## WHAT NEEDS TO BE DONE:
The records below hold a stretch from the line with "Around each node" through the line with "of them. The"; return exactly those lines, ends included, and nothing more.

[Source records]
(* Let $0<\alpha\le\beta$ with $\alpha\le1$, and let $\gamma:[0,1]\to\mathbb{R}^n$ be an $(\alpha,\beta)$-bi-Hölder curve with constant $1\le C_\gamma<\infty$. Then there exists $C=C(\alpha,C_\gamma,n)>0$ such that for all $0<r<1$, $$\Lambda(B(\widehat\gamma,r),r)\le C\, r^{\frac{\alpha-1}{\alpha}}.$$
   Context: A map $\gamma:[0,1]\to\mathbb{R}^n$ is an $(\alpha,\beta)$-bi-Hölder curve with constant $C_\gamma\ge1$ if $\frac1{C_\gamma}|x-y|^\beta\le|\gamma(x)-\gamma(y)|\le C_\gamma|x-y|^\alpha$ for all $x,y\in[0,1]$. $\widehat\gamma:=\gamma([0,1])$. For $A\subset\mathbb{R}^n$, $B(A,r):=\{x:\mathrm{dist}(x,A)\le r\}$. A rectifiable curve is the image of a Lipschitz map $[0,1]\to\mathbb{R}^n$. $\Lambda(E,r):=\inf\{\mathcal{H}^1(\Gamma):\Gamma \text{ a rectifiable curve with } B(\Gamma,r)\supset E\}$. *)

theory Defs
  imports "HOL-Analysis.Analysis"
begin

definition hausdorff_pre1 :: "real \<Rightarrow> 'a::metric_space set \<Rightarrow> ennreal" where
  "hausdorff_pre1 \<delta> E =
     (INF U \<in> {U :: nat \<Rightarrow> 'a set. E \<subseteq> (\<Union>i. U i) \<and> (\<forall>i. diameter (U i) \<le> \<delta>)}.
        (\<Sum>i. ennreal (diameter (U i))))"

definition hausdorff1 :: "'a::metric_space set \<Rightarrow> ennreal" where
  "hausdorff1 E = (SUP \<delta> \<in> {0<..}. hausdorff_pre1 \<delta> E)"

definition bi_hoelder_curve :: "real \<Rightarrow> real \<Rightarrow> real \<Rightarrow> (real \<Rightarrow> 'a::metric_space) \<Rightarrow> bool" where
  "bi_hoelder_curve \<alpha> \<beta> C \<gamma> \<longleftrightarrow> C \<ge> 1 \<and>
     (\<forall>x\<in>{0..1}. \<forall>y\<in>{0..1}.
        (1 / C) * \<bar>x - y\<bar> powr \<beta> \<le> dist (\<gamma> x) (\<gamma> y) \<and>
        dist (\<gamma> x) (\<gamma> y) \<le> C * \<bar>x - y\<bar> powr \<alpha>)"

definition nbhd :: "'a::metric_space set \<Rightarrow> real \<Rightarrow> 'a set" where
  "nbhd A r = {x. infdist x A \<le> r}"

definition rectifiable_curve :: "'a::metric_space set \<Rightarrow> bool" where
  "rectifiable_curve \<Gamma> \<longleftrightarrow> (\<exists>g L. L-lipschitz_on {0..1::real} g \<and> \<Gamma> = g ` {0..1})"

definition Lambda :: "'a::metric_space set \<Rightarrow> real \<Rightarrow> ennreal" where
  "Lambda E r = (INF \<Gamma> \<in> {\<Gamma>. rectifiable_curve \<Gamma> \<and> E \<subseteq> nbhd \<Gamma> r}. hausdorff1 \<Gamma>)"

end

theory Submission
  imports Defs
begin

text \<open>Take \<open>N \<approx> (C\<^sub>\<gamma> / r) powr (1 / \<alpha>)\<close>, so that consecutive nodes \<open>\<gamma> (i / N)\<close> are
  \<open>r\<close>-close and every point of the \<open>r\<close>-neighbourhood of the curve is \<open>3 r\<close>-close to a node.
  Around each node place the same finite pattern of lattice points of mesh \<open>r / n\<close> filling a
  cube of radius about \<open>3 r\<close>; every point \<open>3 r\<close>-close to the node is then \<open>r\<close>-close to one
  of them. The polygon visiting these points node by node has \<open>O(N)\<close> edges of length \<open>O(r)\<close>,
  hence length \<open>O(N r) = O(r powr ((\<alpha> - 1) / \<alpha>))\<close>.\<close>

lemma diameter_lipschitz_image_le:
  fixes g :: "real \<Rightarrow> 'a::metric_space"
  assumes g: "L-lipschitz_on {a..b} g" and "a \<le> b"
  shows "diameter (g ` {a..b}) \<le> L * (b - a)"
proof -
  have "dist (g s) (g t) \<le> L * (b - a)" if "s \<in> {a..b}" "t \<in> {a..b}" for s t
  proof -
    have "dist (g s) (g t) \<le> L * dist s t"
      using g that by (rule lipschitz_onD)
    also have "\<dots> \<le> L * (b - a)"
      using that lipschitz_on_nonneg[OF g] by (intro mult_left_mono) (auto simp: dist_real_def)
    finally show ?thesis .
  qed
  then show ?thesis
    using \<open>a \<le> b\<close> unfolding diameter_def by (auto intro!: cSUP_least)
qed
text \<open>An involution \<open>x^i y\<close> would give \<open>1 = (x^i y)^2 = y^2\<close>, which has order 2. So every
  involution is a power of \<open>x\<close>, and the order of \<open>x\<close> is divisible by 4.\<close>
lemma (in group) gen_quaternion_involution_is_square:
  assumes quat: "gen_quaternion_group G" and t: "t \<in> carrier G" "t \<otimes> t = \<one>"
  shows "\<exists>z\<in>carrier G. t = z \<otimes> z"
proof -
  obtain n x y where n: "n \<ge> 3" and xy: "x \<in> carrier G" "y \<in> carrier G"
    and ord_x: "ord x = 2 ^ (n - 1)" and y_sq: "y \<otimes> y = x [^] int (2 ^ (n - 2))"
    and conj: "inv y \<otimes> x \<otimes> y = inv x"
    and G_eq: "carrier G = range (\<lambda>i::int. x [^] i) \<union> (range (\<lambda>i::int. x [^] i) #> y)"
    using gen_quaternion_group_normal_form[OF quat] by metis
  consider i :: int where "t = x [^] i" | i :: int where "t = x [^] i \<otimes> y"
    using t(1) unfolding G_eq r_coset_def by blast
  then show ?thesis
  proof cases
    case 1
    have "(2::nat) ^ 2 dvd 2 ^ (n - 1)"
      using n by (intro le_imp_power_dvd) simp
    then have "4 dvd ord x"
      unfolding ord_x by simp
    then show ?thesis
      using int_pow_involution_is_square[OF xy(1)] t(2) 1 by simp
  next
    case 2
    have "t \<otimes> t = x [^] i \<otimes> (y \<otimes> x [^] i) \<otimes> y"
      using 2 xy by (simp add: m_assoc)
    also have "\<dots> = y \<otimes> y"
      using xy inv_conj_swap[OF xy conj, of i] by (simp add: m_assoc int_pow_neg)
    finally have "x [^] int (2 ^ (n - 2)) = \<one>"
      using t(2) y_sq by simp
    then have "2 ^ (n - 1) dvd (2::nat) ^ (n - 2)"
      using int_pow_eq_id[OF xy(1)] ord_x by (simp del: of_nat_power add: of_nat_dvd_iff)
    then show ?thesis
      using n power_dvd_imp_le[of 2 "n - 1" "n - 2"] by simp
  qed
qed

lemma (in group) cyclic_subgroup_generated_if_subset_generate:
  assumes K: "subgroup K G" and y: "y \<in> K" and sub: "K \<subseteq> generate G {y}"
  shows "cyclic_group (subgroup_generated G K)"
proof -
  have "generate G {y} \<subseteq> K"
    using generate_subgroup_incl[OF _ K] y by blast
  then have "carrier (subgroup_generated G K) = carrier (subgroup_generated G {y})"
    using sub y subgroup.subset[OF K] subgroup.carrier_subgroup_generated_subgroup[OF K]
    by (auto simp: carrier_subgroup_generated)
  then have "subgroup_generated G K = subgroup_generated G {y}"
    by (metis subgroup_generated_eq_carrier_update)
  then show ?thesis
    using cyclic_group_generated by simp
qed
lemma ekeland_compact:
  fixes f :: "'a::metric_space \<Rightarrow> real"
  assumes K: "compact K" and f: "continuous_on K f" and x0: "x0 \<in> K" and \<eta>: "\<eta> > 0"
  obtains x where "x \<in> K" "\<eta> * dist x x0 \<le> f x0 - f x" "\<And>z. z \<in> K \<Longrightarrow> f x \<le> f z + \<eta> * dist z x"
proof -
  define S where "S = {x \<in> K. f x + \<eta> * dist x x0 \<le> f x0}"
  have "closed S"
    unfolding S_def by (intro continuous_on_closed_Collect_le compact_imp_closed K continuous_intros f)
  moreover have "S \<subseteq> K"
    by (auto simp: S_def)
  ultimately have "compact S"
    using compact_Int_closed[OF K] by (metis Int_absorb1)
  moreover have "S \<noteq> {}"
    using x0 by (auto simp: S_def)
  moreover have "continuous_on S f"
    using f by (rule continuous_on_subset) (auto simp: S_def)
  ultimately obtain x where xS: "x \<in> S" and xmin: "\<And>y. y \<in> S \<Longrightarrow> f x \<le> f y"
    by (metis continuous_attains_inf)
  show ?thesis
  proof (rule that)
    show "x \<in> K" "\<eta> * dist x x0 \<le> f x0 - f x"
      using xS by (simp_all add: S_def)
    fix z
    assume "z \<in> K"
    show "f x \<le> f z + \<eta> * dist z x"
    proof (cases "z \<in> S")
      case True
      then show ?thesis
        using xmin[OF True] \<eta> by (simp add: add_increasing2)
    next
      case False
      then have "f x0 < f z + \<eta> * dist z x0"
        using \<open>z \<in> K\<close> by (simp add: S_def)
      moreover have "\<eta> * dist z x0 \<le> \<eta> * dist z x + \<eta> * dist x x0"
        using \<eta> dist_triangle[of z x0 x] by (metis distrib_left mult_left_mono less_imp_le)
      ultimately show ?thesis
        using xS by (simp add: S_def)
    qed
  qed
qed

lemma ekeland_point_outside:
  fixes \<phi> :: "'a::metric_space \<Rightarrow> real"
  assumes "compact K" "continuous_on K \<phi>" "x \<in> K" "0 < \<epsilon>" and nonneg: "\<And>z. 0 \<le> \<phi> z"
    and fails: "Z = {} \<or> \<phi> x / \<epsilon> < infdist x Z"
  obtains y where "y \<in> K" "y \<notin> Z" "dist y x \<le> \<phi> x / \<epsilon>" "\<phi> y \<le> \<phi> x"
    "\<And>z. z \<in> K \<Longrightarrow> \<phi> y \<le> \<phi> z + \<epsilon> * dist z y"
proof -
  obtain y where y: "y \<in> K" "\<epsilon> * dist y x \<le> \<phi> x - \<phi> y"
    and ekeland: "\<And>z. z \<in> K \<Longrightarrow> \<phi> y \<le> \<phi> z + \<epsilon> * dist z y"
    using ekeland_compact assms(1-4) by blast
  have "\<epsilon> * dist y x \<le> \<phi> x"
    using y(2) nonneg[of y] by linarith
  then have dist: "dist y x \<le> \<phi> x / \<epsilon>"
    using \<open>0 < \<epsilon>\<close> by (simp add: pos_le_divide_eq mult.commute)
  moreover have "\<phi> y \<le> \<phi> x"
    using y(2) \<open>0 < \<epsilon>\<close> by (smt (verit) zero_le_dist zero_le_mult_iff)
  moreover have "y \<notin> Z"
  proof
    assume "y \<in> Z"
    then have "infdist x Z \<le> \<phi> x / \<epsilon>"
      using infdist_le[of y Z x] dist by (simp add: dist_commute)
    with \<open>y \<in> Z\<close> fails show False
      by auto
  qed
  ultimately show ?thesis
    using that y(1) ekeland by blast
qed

## RESULT OF THIS EXERCISE:
  Around each node place the same finite pattern of lattice points of mesh \<open>r / n\<close> filling a
  cube of radius about \<open>3 r\<close>; every point \<open>3 r\<close>-close to the node is then \<open>r\<close>-close to one
  of them. The polygon visiting these points node by node has \<open>O(N)\<close> edges of length \<open>O(r)\<close>,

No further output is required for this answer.